Deng Dehui, a researcher at the Dalian Institute of Chemical Physics, Chinese Academy of Sciences, and Wang Ye, a professor at Xiamen University, have recently made important progress in the study of catalytic hydrogenation of CO2 to methanol. For the first time in nearly 6 years, the research team achieved low temperature, high efficiency and long life catalytic HYDROGENation of CO2 to methanol by using low-layer molybdenum disulfide (MoS2) catalyst rich in sulfur vacancies. The activity and selectivity of MoS2 catalyst were significantly better than those of metal oxide catalysts previously reported, and showed excellent stability, which opened up a new way to achieve low energy consumption and high efficiency of CO2 conversion and utilization. The study is in the journal Nature Catalysis.

The preparation of methanol by reaction with green hydrogen (H2) based on renewable energy is one of the important ways to turn CO2 waste into treasure. In general, the reaction temperature of traditional metal oxide catalysts is more than 300 degrees Celsius, and a serious reverse water gas conversion reaction is often accompanied, resulting in the production of a large number of by-products carbon monoxide. The introduction of transition metal components in the metal oxide catalyst can promote the activation of H2 and reduce the reaction temperature, but it is easy to lead to the excessive hydrogenation of CO2 to produce methane, which reduces the selectivity of the target product methanol. It is urgent to seek a new catalyst system for methanol production from LOW temperature hydrogenation of CO2.

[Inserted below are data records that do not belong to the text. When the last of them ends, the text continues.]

(* Let $k$ be a kernel on $\mathcal{X}$, $\sigma>0$, $f\in\mathcal{H}_k$, $g\in\mathcal{H}_{\sigma^2\delta}$, $h=f+g$. Let $x_1,\dots,x_t\in\mathcal{X}$ be pairwise distinct with observations $y_i=h(x_i)$, and let $\widehat x_1,\dots,\widehat x_L\in\mathcal{X}\setminus\{x_1,\dots,x_t\}$. Then $$\Big|\sum_{i=1}^L\widehat m_t(\widehat x_i)-\sum_{i=1}^L f(\widehat x_i)\Big|\le\|h\|_{\mathcal{H}_{k^\sigma}}\sqrt{\mathbf 1^T\mathbf{A}\mathbf 1+L^2\sigma^2}+L\|g\|_{\mathcal{H}_{\sigma^2\delta}}\sigma,$$ where $\mathbf{A}_{ij}=k(\widehat x_i,\widehat x_j)-\mathbf{k}_t(\widehat x_i)^T(\mathbf{K}_t+\sigma^2I)^{-1}\mathbf{k}_t(\widehat x_j)$.
   Context: $\delta(x,y)=1$ if $x=y$, else $0$; $k^\sigma=k+\sigma^2\delta$; $\mathcal{H}_{\sigma^2\delta}$ is the RKHS of $\sigma^2\delta$. $\mathbf{k}_t(x)=[k(x,x_i)]_{i\le t}$, $\mathbf{K}_t=[k(x_i,x_j)]_{i,j\le t}$, $\mathbf{y}_t=[y_i]_{i\le t}$, $\widehat m_t(x)=\mathbf{k}_t(x)^T(\mathbf{K}_t+\sigma^2I)^{-1}\mathbf{y}_t$; $\mathbf 1$ is the all-ones vector. *)

theory Defs
  imports Complex_Main "Jordan_Normal_Form.Gauss_Jordan_Elimination"
begin

definition pd_kernel :: "('a \<Rightarrow> 'a \<Rightarrow> real) \<Rightarrow> bool" where
  "pd_kernel k \<longleftrightarrow> (\<forall>x y. k x y = k y x) \<and>
     (\<forall>(xs :: 'a list) (c :: nat \<Rightarrow> real).
        0 \<le> (\<Sum>i<length xs. \<Sum>j<length xs. c i * c j * k (xs ! i) (xs ! j)))"

definition is_rkhs :: "('a \<Rightarrow> 'a \<Rightarrow> real) \<Rightarrow> ('a \<Rightarrow> real) set
      \<Rightarrow> (('a \<Rightarrow> real) \<Rightarrow> ('a \<Rightarrow> real) \<Rightarrow> real) \<Rightarrow> bool" where
  "is_rkhs k H ip \<longleftrightarrow>
     (\<lambda>x. 0) \<in> H \<and>
     (\<forall>f\<in>H. \<forall>g\<in>H. (\<lambda>x. f x + g x) \<in> H) \<and>
     (\<forall>f\<in>H. \<forall>a. (\<lambda>x. a * f x) \<in> H) \<and>
     (\<forall>f\<in>H. \<forall>g\<in>H. ip f g = ip g f) \<and>
     (\<forall>f\<in>H. \<forall>g\<in>H. \<forall>h\<in>H. ip (\<lambda>x. f x + g x) h = ip f h + ip g h) \<and>
     (\<forall>f\<in>H. \<forall>g\<in>H. \<forall>a. ip (\<lambda>x. a * f x) g = a * ip f g) \<and>
     (\<forall>f\<in>H. 0 \<le> ip f f \<and> (ip f f = 0 \<longrightarrow> f = (\<lambda>x. 0))) \<and>
     (\<forall>F :: nat \<Rightarrow> 'a \<Rightarrow> real.
        (\<forall>n. F n \<in> H) \<and>
        (\<forall>e>0. \<exists>N. \<forall>m\<ge>N. \<forall>n\<ge>N.
            ip (\<lambda>x. F m x - F n x) (\<lambda>x. F m x - F n x) < e)
        \<longrightarrow> (\<exists>f\<in>H. \<forall>e>0. \<exists>N. \<forall>n\<ge>N.
            ip (\<lambda>x. F n x - f x) (\<lambda>x. F n x - f x) < e)) \<and>
     (\<forall>x. k x \<in> H) \<and>
     (\<forall>f\<in>H. \<forall>x. ip f (k x) = f x)"

definition rkhs_norm :: "(('a \<Rightarrow> real) \<Rightarrow> ('a \<Rightarrow> real) \<Rightarrow> real) \<Rightarrow> ('a \<Rightarrow> real) \<Rightarrow> real" where
  "rkhs_norm ip h = sqrt (ip h h)"

definition delta_kernel :: "'a \<Rightarrow> 'a \<Rightarrow> real" where
  "delta_kernel x y = (if x = y then 1 else 0)"

definition noisy_kernel :: "('a \<Rightarrow> 'a \<Rightarrow> real) \<Rightarrow> real \<Rightarrow> 'a \<Rightarrow> 'a \<Rightarrow> real" where
  "noisy_kernel k \<sigma> x y = k x y + \<sigma>^2 * delta_kernel x y"

definition kvec :: "('a \<Rightarrow> 'a \<Rightarrow> real) \<Rightarrow> 'a list \<Rightarrow> 'a \<Rightarrow> real vec" where
  "kvec k xs x = vec (length xs) (\<lambda>i. k x (xs ! i))"

definition Kmat :: "('a \<Rightarrow> 'a \<Rightarrow> real) \<Rightarrow> 'a list \<Rightarrow> real mat" where
  "Kmat k xs = mat (length xs) (length xs) (\<lambda>(i, j). k (xs ! i) (xs ! j))"

definition regInv :: "('a \<Rightarrow> 'a \<Rightarrow> real) \<Rightarrow> real \<Rightarrow> 'a list \<Rightarrow> real mat" where
  "regInv k \<sigma> xs = the (mat_inverse (Kmat k xs + \<sigma>^2 \<cdot>\<^sub>m 1\<^sub>m (length xs)))"

definition post_mean :: "('a \<Rightarrow> 'a \<Rightarrow> real) \<Rightarrow> real \<Rightarrow> 'a list \<Rightarrow> real vec \<Rightarrow> 'a \<Rightarrow> real" where
  "post_mean k \<sigma> xs ys x = kvec k xs x \<bullet> (regInv k \<sigma> xs *\<^sub>v ys)"

definition post_cov :: "('a \<Rightarrow> 'a \<Rightarrow> real) \<Rightarrow> real \<Rightarrow> 'a list \<Rightarrow> 'a \<Rightarrow> 'a \<Rightarrow> real" where
  "post_cov k \<sigma> xs x x' = k x x' - kvec k xs x \<bullet> (regInv k \<sigma> xs *\<^sub>v kvec k xs x')"

end

theory Submission
  imports Defs "Jordan_Normal_Form.Determinant"
begin

text \<open>Write H for the RKHS of the noisy kernel k + \<sigma>^2 \<delta> and B for the sum of its
  sections at the test points. Off the diagonal the noisy kernel equals k, so at a test point the
  posterior mean of u is the value of the minimum-norm interpolant I(u) of u on the nodes.
  Interpolation is self-adjoint in H, hence the inner product of u with B - I(B) is the summed
  interpolation error of u, and the squared norm of B - I(B) is the summed posterior covariance of
  the noisy kernel, which exceeds that of k by at most L^2 \<sigma>^2. Cauchy-Schwarz for u = h and
  the pointwise bound |g(x)| \<le> \<sigma> ||g|| give the estimate.

  That h = f + g lies in H at all is part of Aronszajn's theorem on sums of kernels; here it comes
  from completeness. The interpolation energies ||I(h)||^2 over finite node sets are bounded by
  ||f||^2 + ||g||^2, along nested node sets whose energies approach the supremum the interpolants
  form a Cauchy sequence, and the limit agrees with h at every point.\<close>

section \<open>Strictly positive definite kernels and their Gram matrices\<close>

definition strictly_pd_kernel :: "('a \<Rightarrow> 'a \<Rightarrow> real) \<Rightarrow> bool" where
  "strictly_pd_kernel K \<longleftrightarrow> (\<forall>x y. K x y = K y x) \<and>
     (\<forall>(xs :: 'a list) (c :: nat \<Rightarrow> real). distinct xs \<longrightarrow> (\<exists>i<length xs. c i \<noteq> 0) \<longrightarrow>
        0 < (\<Sum>i<length xs. \<Sum>j<length xs. c i * c j * K (xs ! i) (xs ! j)))"

lemma strictly_pd_noisy_kernel:
  assumes k: "pd_kernel k" and "\<sigma> > 0"
  shows "strictly_pd_kernel (noisy_kernel k \<sigma>)"
  unfolding strictly_pd_kernel_def
proof (intro conjI allI impI)
  show "noisy_kernel k \<sigma> x y = noisy_kernel k \<sigma> y x" for x y
    using k by (simp add: pd_kernel_def noisy_kernel_def delta_kernel_def)
next
  fix xs :: "'a list" and c :: "nat \<Rightarrow> real"
  assume "distinct xs" and "\<exists>i<length xs. c i \<noteq> 0"
  let ?n = "length xs"
  have "(\<Sum>i<?n. \<Sum>j<?n. c i * c j * noisy_kernel k \<sigma> (xs ! i) (xs ! j))
      = (\<Sum>i<?n. \<Sum>j<?n. c i * c j * k (xs ! i) (xs ! j))
        + \<sigma>\<^sup>2 * (\<Sum>i<?n. \<Sum>j<?n. c i * c j * delta_kernel (xs ! i) (xs ! j))"
    by (simp add: noisy_kernel_def algebra_simps sum.distrib sum_distrib_left)
  also have "(\<Sum>i<?n. \<Sum>j<?n. c i * c j * delta_kernel (xs ! i) (xs ! j)) = (\<Sum>i<?n. (c i)\<^sup>2)"
    using \<open>distinct xs\<close>
    by (intro sum.cong refl)
      (simp add: delta_kernel_def nth_eq_iff_index_eq power2_eq_square if_distrib cong: if_cong)
  finally have "(\<Sum>i<?n. \<Sum>j<?n. c i * c j * noisy_kernel k \<sigma> (xs ! i) (xs ! j))
      = (\<Sum>i<?n. \<Sum>j<?n. c i * c j * k (xs ! i) (xs ! j)) + \<sigma>\<^sup>2 * (\<Sum>i<?n. (c i)\<^sup>2)" .
  moreover have "0 \<le> (\<Sum>i<?n. \<Sum>j<?n. c i * c j * k (xs ! i) (xs ! j))"
    using k unfolding pd_kernel_def by blast
  moreover obtain i where "i < ?n" "c i \<noteq> 0"
    using \<open>\<exists>i<?n. c i \<noteq> 0\<close> by blast
  then have "0 < (\<Sum>i<?n. (c i)\<^sup>2)"
    by (intro sum_pos2[of _ i]) auto
  ultimately show "0 < (\<Sum>i<?n. \<Sum>j<?n. c i * c j * noisy_kernel k \<sigma> (xs ! i) (xs ! j))"
    using \<open>\<sigma> > 0\<close> by (simp add: add_nonneg_pos)
qed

In previous studies, Dundehui’s team found that mos2-based catalysts performed well in catalytic electrolysis of water to produce H2. Conversely, “can MoS2 activate H2 at room temperature and efficiently catalyze CO2 hydrogenation to methanol?” With this idea, Deng and Wang Ye will launch a joint team. However, at the beginning, the research progress was not smooth, the catalytic performance of MoS2 did not achieve the expected effect, and the traditional way of introducing other elements into MoS2 to adjust the catalyst performance also failed to significantly improve the catalyst performance.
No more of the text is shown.